Problem requirements
Of the lines in the data below, write out exactly those from the one holding "topology \<Rightarrow> 'a \<Rightarrow> ('a \<times>" through the one holding "pointed_homotopic (susp A", both included.

Data shown
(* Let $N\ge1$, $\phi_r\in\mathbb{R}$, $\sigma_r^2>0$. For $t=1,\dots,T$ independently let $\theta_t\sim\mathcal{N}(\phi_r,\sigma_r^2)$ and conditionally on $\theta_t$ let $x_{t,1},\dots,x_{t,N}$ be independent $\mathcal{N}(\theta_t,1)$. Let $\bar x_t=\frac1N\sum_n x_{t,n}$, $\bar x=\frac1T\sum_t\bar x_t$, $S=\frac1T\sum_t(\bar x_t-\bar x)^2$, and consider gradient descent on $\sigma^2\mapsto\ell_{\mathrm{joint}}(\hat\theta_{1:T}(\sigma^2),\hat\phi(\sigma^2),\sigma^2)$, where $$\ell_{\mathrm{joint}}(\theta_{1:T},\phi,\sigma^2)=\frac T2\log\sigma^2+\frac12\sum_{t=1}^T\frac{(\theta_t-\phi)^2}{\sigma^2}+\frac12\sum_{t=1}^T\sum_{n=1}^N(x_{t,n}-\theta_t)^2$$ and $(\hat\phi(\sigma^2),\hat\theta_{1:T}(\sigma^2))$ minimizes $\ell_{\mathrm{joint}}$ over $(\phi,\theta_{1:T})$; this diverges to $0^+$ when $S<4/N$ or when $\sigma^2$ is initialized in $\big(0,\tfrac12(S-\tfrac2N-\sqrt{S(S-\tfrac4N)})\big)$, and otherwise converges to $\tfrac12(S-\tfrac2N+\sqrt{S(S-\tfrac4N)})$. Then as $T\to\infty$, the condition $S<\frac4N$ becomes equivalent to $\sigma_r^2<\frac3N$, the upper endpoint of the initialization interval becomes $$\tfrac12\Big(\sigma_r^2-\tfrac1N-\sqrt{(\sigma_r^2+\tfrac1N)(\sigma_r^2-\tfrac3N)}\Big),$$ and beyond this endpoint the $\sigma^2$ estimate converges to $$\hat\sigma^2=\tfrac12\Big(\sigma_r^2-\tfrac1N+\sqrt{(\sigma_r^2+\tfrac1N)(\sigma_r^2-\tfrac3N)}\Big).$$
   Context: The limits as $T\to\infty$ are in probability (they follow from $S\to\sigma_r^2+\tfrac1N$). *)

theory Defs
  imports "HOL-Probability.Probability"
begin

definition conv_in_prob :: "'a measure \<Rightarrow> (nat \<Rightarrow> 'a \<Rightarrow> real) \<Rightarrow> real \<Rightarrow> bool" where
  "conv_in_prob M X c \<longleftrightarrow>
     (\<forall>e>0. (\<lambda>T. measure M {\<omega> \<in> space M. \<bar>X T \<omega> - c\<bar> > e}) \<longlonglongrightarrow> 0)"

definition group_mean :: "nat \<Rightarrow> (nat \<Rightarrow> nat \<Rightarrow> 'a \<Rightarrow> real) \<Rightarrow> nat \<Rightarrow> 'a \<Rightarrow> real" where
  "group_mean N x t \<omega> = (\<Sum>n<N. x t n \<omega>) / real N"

--

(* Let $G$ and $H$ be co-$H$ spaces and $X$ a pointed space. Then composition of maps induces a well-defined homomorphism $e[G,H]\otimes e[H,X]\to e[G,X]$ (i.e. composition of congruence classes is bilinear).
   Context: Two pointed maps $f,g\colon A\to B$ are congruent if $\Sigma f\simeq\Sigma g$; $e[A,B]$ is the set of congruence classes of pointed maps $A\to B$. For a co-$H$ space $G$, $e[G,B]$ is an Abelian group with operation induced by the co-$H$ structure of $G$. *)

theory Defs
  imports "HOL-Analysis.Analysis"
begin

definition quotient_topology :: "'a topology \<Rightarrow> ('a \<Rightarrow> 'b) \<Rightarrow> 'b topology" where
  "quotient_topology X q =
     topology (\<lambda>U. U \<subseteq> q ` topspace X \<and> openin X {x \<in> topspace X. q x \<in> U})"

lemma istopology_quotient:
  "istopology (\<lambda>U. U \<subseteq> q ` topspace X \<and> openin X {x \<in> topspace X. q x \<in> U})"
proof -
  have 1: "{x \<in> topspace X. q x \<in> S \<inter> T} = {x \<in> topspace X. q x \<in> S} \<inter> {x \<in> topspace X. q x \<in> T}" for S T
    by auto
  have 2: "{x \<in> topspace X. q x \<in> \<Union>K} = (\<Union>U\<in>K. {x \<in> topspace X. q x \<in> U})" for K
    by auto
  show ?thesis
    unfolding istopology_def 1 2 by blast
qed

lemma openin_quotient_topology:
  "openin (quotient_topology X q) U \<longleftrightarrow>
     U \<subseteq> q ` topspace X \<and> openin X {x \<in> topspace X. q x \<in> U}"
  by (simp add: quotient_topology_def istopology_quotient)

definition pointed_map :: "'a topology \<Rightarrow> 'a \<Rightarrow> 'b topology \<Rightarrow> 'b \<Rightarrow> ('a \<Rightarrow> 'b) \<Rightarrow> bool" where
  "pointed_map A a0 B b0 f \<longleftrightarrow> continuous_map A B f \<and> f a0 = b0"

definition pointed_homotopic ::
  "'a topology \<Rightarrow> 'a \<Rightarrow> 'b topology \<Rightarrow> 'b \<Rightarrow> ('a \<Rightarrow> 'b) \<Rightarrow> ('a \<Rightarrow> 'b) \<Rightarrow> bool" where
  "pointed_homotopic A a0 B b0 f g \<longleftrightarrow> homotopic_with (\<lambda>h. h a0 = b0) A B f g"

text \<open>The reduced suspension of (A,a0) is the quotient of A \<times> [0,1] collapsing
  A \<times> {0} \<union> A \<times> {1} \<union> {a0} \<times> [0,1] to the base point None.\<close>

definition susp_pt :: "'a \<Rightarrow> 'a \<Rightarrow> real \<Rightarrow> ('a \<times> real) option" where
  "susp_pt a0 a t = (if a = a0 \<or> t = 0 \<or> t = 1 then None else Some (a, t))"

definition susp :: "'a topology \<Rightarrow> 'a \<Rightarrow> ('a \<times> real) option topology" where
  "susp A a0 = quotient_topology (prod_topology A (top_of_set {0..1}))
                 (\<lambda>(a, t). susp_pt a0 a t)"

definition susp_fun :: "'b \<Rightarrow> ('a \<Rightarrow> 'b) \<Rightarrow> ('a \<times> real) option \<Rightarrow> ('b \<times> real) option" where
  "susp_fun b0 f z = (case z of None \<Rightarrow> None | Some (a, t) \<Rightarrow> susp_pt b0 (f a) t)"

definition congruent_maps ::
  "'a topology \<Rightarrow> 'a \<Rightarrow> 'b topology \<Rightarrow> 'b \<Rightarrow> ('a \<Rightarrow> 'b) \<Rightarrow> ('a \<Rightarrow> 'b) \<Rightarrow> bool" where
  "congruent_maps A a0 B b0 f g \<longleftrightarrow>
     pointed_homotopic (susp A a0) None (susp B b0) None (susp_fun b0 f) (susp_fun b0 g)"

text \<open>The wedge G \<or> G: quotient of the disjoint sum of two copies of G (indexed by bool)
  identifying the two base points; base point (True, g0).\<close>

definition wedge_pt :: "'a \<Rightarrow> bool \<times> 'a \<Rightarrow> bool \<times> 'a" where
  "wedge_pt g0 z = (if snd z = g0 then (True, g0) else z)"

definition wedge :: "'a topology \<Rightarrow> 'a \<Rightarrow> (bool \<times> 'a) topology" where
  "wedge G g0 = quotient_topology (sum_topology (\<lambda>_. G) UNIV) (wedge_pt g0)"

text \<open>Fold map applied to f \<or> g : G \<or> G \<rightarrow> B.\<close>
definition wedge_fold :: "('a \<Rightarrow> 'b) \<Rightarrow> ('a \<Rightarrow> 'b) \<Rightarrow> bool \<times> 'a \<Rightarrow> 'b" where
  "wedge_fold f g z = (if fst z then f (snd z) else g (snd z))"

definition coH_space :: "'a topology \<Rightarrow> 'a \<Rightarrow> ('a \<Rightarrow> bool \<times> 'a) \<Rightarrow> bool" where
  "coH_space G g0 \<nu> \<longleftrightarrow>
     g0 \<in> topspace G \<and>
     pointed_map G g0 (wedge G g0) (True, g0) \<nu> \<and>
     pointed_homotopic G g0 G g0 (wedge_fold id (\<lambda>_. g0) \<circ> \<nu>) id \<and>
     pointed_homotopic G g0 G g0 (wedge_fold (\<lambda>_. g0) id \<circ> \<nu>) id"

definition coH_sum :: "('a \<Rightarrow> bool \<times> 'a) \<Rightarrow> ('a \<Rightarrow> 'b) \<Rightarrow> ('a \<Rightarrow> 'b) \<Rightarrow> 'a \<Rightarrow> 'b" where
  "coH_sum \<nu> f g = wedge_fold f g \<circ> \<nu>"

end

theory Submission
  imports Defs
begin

Expected output
definition susp :: "'a topology \<Rightarrow> 'a \<Rightarrow> ('a \<times> real) option topology" where
  "susp A a0 = quotient_topology (prod_topology A (top_of_set {0..1}))
                 (\<lambda>(a, t). susp_pt a0 a t)"

definition susp_fun :: "'b \<Rightarrow> ('a \<Rightarrow> 'b) \<Rightarrow> ('a \<times> real) option \<Rightarrow> ('b \<times> real) option" where
  "susp_fun b0 f z = (case z of None \<Rightarrow> None | Some (a, t) \<Rightarrow> susp_pt b0 (f a) t)"

definition congruent_maps ::
  "'a topology \<Rightarrow> 'a \<Rightarrow> 'b topology \<Rightarrow> 'b \<Rightarrow> ('a \<Rightarrow> 'b) \<Rightarrow> ('a \<Rightarrow> 'b) \<Rightarrow> bool" where
  "congruent_maps A a0 B b0 f g \<longleftrightarrow>
     pointed_homotopic (susp A a0) None (susp B b0) None (susp_fun b0 f) (susp_fun b0 g)"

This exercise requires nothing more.